Going down the listing below, print exactly each line from the one with "c * emeasure" up to and including the one with "(\<integral>\<^sup>+ \<omega>. 1", and skip the rest.
[Start of Attachment]
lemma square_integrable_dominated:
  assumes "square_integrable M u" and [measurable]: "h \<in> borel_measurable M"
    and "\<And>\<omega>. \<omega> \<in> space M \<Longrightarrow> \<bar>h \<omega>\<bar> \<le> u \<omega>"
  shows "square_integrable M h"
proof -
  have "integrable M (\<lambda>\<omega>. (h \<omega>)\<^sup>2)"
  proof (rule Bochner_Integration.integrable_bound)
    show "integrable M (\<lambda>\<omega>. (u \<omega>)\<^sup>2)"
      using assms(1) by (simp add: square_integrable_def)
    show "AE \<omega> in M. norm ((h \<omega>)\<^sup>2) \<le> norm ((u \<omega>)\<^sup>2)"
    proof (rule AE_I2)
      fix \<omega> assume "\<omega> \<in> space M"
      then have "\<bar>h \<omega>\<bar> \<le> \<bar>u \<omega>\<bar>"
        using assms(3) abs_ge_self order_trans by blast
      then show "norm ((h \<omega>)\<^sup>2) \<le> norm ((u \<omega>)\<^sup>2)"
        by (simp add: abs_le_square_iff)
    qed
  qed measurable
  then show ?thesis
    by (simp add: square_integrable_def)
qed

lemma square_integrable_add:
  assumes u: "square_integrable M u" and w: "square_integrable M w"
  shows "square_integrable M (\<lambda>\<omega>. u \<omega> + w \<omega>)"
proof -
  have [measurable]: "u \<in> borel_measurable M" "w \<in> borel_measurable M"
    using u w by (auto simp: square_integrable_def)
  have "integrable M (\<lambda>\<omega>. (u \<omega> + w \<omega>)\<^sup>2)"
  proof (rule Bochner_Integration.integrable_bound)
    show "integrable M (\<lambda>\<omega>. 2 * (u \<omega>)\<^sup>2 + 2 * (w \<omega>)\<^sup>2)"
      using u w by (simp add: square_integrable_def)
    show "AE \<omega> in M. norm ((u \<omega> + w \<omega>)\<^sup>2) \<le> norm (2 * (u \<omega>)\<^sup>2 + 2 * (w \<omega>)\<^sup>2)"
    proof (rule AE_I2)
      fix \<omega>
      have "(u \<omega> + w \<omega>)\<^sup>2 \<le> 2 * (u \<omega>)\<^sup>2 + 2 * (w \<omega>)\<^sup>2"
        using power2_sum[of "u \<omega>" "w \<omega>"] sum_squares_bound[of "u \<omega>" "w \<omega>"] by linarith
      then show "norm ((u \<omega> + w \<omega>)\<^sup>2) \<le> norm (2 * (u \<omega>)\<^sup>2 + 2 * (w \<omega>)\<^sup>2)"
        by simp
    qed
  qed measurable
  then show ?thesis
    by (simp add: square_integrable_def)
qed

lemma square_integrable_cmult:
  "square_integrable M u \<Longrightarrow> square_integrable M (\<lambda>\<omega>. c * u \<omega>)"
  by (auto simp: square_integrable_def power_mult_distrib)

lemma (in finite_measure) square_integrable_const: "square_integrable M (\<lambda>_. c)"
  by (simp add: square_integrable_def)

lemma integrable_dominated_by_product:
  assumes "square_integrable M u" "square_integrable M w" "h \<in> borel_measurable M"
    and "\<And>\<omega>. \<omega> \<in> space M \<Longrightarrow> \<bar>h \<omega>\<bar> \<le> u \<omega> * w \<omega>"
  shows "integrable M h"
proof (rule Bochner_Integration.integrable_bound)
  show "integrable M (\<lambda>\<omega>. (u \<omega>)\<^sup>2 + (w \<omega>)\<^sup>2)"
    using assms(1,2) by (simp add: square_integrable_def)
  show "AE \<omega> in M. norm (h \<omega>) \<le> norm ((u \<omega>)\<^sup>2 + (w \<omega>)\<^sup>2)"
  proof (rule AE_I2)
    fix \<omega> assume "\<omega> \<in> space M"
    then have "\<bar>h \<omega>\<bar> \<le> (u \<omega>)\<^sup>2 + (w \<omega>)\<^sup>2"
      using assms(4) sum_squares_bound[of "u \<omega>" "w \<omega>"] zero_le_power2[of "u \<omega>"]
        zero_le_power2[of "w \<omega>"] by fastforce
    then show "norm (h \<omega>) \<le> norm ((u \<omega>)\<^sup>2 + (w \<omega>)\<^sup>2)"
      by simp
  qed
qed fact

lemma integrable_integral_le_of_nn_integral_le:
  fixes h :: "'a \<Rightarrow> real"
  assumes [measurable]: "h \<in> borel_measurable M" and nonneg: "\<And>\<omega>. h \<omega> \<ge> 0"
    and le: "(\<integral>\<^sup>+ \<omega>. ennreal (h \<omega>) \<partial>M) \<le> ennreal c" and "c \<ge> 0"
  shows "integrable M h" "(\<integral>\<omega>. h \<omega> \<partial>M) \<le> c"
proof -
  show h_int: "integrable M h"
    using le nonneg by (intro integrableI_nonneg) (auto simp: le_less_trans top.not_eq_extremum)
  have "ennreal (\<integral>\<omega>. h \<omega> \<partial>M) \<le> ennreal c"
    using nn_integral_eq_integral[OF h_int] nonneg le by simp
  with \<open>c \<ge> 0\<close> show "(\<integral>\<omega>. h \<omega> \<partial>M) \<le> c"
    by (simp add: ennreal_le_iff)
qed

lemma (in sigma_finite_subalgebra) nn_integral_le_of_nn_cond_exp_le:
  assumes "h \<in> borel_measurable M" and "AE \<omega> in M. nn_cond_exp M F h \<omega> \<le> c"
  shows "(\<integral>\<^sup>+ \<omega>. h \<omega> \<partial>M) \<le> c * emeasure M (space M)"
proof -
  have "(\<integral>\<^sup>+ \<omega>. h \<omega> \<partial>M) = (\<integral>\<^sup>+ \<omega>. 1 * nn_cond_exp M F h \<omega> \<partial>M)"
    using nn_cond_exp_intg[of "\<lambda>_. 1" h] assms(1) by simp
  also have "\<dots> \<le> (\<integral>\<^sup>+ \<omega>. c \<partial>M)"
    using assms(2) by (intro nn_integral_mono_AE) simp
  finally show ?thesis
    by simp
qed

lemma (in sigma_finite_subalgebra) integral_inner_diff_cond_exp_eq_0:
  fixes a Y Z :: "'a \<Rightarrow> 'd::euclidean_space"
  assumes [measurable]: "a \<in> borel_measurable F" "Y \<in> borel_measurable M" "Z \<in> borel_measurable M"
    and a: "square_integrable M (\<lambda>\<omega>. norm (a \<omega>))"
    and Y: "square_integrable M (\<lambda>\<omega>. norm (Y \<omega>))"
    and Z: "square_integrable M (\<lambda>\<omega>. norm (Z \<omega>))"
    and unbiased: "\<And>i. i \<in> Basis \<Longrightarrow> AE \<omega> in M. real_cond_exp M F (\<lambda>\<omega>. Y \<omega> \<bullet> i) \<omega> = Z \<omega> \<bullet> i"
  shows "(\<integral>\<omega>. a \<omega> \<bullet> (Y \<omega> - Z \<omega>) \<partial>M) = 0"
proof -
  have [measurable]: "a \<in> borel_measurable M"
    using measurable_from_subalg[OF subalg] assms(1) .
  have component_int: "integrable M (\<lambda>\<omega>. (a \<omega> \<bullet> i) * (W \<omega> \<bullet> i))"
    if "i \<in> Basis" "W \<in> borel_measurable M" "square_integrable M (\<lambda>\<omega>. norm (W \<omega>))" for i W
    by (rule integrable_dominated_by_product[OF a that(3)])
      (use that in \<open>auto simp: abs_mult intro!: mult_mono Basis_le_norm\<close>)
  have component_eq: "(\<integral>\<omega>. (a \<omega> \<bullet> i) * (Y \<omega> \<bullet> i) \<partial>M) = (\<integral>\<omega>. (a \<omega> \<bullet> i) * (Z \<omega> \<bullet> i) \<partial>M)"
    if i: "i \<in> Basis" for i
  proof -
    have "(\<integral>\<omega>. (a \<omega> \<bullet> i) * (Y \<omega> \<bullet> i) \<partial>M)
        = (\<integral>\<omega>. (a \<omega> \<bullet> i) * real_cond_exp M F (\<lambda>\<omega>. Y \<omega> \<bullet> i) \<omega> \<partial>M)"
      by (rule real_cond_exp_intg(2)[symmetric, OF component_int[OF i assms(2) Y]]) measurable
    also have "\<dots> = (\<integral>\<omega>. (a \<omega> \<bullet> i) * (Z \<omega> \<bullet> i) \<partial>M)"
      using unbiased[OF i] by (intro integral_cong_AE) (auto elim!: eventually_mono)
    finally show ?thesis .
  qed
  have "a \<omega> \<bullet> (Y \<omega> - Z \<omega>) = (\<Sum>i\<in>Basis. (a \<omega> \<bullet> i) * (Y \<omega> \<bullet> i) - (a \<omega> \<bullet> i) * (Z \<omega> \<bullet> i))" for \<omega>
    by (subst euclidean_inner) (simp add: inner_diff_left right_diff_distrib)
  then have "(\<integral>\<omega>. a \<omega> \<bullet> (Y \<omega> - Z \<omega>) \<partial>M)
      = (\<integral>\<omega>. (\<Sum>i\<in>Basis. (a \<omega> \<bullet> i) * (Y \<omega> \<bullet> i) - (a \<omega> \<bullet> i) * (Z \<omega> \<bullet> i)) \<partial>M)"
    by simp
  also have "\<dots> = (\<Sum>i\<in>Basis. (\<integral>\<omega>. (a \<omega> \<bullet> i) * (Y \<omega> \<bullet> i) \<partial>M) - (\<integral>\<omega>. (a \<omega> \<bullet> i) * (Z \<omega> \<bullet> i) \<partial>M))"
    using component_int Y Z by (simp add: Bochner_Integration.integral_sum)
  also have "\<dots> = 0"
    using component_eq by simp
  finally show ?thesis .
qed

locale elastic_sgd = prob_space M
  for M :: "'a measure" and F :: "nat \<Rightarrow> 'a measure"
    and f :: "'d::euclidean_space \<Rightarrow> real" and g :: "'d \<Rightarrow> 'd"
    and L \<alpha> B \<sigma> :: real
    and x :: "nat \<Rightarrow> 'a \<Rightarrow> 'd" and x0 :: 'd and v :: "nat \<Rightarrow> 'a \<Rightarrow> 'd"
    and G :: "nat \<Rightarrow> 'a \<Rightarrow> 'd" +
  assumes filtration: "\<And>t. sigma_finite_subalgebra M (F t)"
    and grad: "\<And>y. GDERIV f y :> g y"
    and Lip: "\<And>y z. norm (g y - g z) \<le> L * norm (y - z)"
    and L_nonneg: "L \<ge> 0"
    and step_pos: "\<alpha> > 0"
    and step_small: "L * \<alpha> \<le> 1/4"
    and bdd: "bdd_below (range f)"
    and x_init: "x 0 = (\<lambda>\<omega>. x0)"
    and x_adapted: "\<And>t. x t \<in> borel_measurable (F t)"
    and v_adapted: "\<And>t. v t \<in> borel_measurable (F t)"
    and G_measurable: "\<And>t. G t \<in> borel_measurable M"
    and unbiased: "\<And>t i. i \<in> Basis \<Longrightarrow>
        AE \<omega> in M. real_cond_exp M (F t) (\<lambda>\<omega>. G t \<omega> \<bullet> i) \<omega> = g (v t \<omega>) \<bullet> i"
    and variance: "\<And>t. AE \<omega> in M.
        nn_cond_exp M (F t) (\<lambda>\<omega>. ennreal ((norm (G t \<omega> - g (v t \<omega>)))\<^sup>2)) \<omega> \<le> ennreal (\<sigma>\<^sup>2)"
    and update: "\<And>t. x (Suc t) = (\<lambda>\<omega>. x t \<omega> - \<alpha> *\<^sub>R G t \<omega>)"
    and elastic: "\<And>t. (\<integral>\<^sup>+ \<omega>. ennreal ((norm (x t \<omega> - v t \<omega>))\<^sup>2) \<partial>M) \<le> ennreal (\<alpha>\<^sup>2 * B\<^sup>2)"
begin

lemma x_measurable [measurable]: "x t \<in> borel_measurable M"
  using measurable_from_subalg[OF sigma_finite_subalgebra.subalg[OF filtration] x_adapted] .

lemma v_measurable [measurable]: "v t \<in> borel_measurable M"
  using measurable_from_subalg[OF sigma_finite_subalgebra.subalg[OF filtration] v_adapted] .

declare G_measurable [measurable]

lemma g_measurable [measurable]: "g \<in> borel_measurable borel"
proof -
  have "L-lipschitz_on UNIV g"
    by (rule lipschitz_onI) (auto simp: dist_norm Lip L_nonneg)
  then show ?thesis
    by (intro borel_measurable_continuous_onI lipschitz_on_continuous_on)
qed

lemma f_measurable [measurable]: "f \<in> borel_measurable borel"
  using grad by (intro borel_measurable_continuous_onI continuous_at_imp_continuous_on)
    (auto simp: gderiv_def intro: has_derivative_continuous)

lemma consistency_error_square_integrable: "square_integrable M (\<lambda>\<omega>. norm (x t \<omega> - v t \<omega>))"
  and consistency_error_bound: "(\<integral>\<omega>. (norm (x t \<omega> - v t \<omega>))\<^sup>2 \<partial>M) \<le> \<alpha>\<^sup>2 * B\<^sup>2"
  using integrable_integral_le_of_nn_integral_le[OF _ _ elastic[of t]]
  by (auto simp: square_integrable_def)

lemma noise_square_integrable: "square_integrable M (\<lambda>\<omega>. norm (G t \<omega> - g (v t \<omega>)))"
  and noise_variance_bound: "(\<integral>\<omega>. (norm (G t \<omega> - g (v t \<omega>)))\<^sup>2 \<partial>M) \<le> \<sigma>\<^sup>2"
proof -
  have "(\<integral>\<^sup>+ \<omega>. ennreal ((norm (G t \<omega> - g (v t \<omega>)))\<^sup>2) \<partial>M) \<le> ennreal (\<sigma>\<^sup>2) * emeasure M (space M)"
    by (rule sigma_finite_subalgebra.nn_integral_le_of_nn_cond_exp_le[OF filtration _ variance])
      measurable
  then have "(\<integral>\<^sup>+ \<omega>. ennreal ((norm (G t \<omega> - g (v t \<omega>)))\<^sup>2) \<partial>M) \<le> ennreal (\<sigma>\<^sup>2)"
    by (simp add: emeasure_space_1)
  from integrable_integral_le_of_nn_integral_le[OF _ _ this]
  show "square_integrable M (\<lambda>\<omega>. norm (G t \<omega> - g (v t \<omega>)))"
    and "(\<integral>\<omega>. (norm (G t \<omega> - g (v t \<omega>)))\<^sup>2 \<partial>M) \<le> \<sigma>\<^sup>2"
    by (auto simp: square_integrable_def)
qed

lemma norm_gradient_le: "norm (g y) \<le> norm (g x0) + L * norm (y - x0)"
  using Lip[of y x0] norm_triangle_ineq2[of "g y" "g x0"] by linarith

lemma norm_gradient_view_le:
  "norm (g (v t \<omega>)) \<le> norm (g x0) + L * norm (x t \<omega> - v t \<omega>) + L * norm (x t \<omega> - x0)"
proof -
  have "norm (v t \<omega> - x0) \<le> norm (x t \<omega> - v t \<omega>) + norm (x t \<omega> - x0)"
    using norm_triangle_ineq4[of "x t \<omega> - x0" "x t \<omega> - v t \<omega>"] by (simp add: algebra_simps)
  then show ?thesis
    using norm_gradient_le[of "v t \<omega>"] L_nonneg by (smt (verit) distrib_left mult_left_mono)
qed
[End of Attachment]
[OUTPUT FOR THIS TASK]
  shows "(\<integral>\<^sup>+ \<omega>. h \<omega> \<partial>M) \<le> c * emeasure M (space M)"
proof -
  have "(\<integral>\<^sup>+ \<omega>. h \<omega> \<partial>M) = (\<integral>\<^sup>+ \<omega>. 1 * nn_cond_exp M F h \<omega> \<partial>M)"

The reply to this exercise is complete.